Schwarze sind weniger wert als Weiße - das glauben sehr viele Europäer.Foto: picture-alliance/ dpa

Am Freitag stellte die Friedrich-Ebert-Stiftung die von ihr in Auftrag gegebene Studie „Die Abwertung der Anderen“ in Berlin vor. Wie die Ergebnisse der Befragung zeigen, ist besonders die Islamfeindlichkeit in Europa weit stärker verbreitet als bisher angenommen. Rund die Hälfte aller befragten Deutschen stimmte der Aussage zu, dass der Islam „eine Religion der Intoleranz“ sei. In den Niederlanden, Portugal und Polen stimmten sogar 60 Prozent diesem Vorurteil zu. „Gruppenbezogene Menschenfeindlichkeit ist in Europa weit verbreitet“, sagte der für die Studie verantwortliche Wissenschaftler Andreas Zick.

Jeweils 1000 Menschen aus Deutschland, Großbritannien, Frankreich, den Niederlanden, Italien, Portugal, Polen und Ungarn wurden für die 2,5 Millionen Euro teure Studie im Jahr 2008 befragt. Finanziert wurde das Projekt durch Spenden privater Stiftungen. Die Wissenschaftler der Universität Bielefeld sprachen von „ebenso aufschlussreichen wie besorgniserregenden“ Ergebnissen. Ziel sei es, „konstruktive Impulse für die Arbeit gegen Rechtsextremismus, Fremdenfeindlichkeit und Rassismus und für mehr Demokratie“ zu geben.

Neben Islamfeindlichkeit sei vor allem der klassische Rassismus und Antisemitismus deutlich geworden. 30 Prozent der Deutschen sagten, dass sie an eine „natürliche Hierarchie zwischen schwarzen und weißen Völkern“ glauben. In Portugal war etwa die Hälfte der Befragten dieser Meinung. In fast allen Ländern sagte im Durchschnitt jeder Zweite, es gebe zu viele Zuwanderer, obwohl viele diese gleichzeitig als Bereicherung für die eigene Kultur sehen. Überraschend stark ausgeprägt sind antisemitische und schwulenfeindliche Einstellungsmuster im katholisch geprägten Polen und Ungarn. Knapp 90 Prozent der Polen und 70 Prozent der Ungarn sprechen sich gegen gleichgeschlechtliche Ehen aus. Dass Menschen jüdischen Glaubens angeblich „Vorteile daraus ziehen, dass sie während der Nazi-Zeit die Opfer gewesen sind“, denken in Polen 72 Prozent und Ungarn 68 Prozent der Befragten. In Deutschland stimmen dieser Aussage immer noch 48 Prozent zu. Bemerkenswert offen und liberal zeigten sich die Niederlande. Hier gab es bei nahezu allen Fragen die niedrigsten Werte, obwohl in dem Land die rassistische Partei des Rechtspopulisten Geert Wilders viel Zustrom erhält.

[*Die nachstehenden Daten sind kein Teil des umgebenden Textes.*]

(* Let $n\geq 2$, $k>0$, $m=\lfloor n/2\rfloor$, and $a\in\mathbb{C}^{2^m}$. Let $\phi'_{a,0}$ be the Killing spinor on $(\mathbb{H}^n_{-k^2},g')$ corresponding to $a$ (described in the context). Then at every point $X\in\mathbb{H}^n_{-k^2}\subset\mathbb{R}^{n,1}$, $$|\phi'_{a,0}|^2_{g'}=-2k\,X\cdot\zeta_a,$$ where $$\zeta_a=\sum_{j=1}^n\langle\sqrt{-1}\,c(e_j)a,a\rangle e_j-\langle\sqrt{-1}\,c(e_0)a,a\rangle e_0=\sum_{j=1}^n\langle\sqrt{-1}\,c(e_j)a,a\rangle e_j+|a|^2e_0 .$$
   Context: $\mathbb{R}^{n,1}$ is Minkowski space with orthonormal basis $e_1=\partial/\partial x_1,\dots,e_n=\partial/\partial x_n$, $e_0=\partial/\partial t$, metric $\sum dx_i^2-dt^2$ and Lorentz inner product "$\cdot$". $\mathbb{H}^n_{-k^2}=\{X=(x_1,\dots,x_n,t):\sum x_i^2-t^2=-1/k^2,\ t>0\}$ with induced metric $g'$. $\langle\cdot,\cdot\rangle$ is the standard Hermitian inner product on $\mathbb{C}^{2^m}$, $c(e_j)$ ($1\le j\le n$) are Baum's Clifford matrices (complex $2^m\times2^m$ matrices with $c(e_i)c(e_j)+c(e_j)c(e_i)=-2\delta_{ij}I$, built from $g_1=\begin{pmatrix}\sqrt{-1}&0\\0&-\sqrt{-1}\end{pmatrix}$, $g_2=\begin{pmatrix}0&\sqrt{-1}\\\sqrt{-1}&0\end{pmatrix}$, $T=\begin{pmatrix}0&-\sqrt{-1}\\\sqrt{-1}&0\end{pmatrix}$, $E=I_2$ by $c(e_{2j-1})=E\otimes\cdots\otimes E\otimes g_1\otimes T\otimes\cdots\otimes T$, $c(e_{2j})=E\otimes\cdots\otimes E\otimes g_2\otimes T\otimes\cdots\otimes T$ ($j-1$ factors $E$, $m$ factors total), and, if $n=2m+1$, $c(e_n)=\sqrt{-1}\,T\otimes\cdots\otimes T$), and $c(e_0):=\sqrt{-1}I$. A Killing spinor is a spinor field $\phi'$ with $\nabla'_V\phi'+\frac{\sqrt{-1}}{2}k\,c'(V)\phi'=0$ for all $V$, $\nabla'$ the spin connection and $c'$ Clifford multiplication of $g'$. By Baum, the Killing spinors are parametrized by $a\in\mathbb{C}^{2^m}$: in the ball model $x\in\{|x|<1/k\}\subset\mathbb{R}^n$ with metric $4|dx|^2/(1-k^2|x|^2)^2$, identified with the hyperboloid via $X=\big(\tfrac{2x}{1-k^2|x|^2},\tfrac{1+k^2|x|^2}{k(1-k^2|x|^2)}\big)$, and with the spinor bundle trivialized, $\phi'_{a,0}(x)=\sqrt{\tfrac{2}{1-k^2|x|^2}}\big(a-\sqrt{-1}\,k\,c(x)a\big)$, where $c(x)=\sum_j x_jc(e_j)$ (for $k=1$ this is Baum's formula $\sqrt{2/(1-|x|^2)}(a-\sqrt{-1}c(x)a)$). *)

theory Defs
  imports Complex_Main
begin

text \<open>Complex square matrices of size N x N are represented as functions
  nat => nat => complex (only entries with indices < N matter);
  vectors in C^N as functions nat => complex (only indices < N matter).\<close>

type_synonym cmat = "nat \<Rightarrow> nat \<Rightarrow> complex"
type_synonym cvec = "nat \<Rightarrow> complex"

definition g1 :: cmat where
  "g1 i j = (if i = 0 \<and> j = 0 then \<i> else if i = 1 \<and> j = 1 then - \<i> else 0)"

definition g2 :: cmat where
  "g2 i j = (if (i = 0 \<and> j = 1) \<or> (i = 1 \<and> j = 0) then \<i> else 0)"

definition Tm :: cmat where
  "Tm i j = (if i = 0 \<and> j = 1 then - \<i> else if i = 1 \<and> j = 0 then \<i> else 0)"

definition Em :: cmat where
  "Em i j = (if i = j then 1 else 0)"

definition kron2 :: "cmat \<Rightarrow> nat \<Rightarrow> cmat \<Rightarrow> cmat" where
  "kron2 A r B i j = A (i div 2^r) (j div 2^r) * B (i mod 2^r) (j mod 2^r)"

fun tens :: "cmat list \<Rightarrow> cmat" where
  "tens [] = (\<lambda>i j. if i = 0 \<and> j = 0 then 1 else 0)"
| "tens (A # As) = kron2 A (length As) (tens As)"

text \<open>Baum's Clifford matrices c(e_j), 1 <= j <= n, of size 2^m, m = n div 2.\<close>
definition cliff :: "nat \<Rightarrow> nat \<Rightarrow> cmat" where
  "cliff n j = (let m = n div 2 in
     if 1 \<le> j \<and> j \<le> 2 * m then
       (let l = (j + 1) div 2 in
        tens (replicate (l - 1) Em @ [if odd j then g1 else g2] @ replicate (m - l) Tm))
     else if odd n \<and> j = n then (\<lambda>a b. \<i> * tens (replicate m Tm) a b)
     else (\<lambda>_ _. 0))"

definition cliff0 :: "nat \<Rightarrow> cmat" where
  "cliff0 n i j = (if i = j then \<i> else 0)"

definition mvec :: "nat \<Rightarrow> cmat \<Rightarrow> cvec \<Rightarrow> cvec" where
  "mvec N M v i = (\<Sum>l<N. M i l * v l)"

Insgesamt stellten die Wissenschaftler ein „Syndrom der Abwertung“ fest. Wer Vorurteile gegen eine bestimmte Gruppe habe, neige auch gegenüber anderen Teilen der Gesellschaft zu Gruppenbezogener Menschenfeindlichkeit. Dieser Effekt sei kein Phänomen von Randgruppen, sondern auch in der Mitte der Gesellschaft vorhanden. Auffallend sei das Gefühl politischer Machtlosigkeit und der Wunsch nach einem „starken Mann an der Spitze, der sich nicht um das Parlament oder Wahlen schert“. Andreas Zick sprach von einem „fundamentalen Demokratiedefizit in Europa“, das oft mit Intoleranz und Diskriminierung Anderer einhergehe. Als wichtigste Schutzfaktoren sehen die Vorurteilsforscher Vertrauen in andere Menschen, feste Freundschaften und Kontakt mit Einwanderern. Sie fordern eine engere Zusammenarbeit innerhalb der EU, um länderübergreifende Projekte gegen Diskriminierung zu unterstützen.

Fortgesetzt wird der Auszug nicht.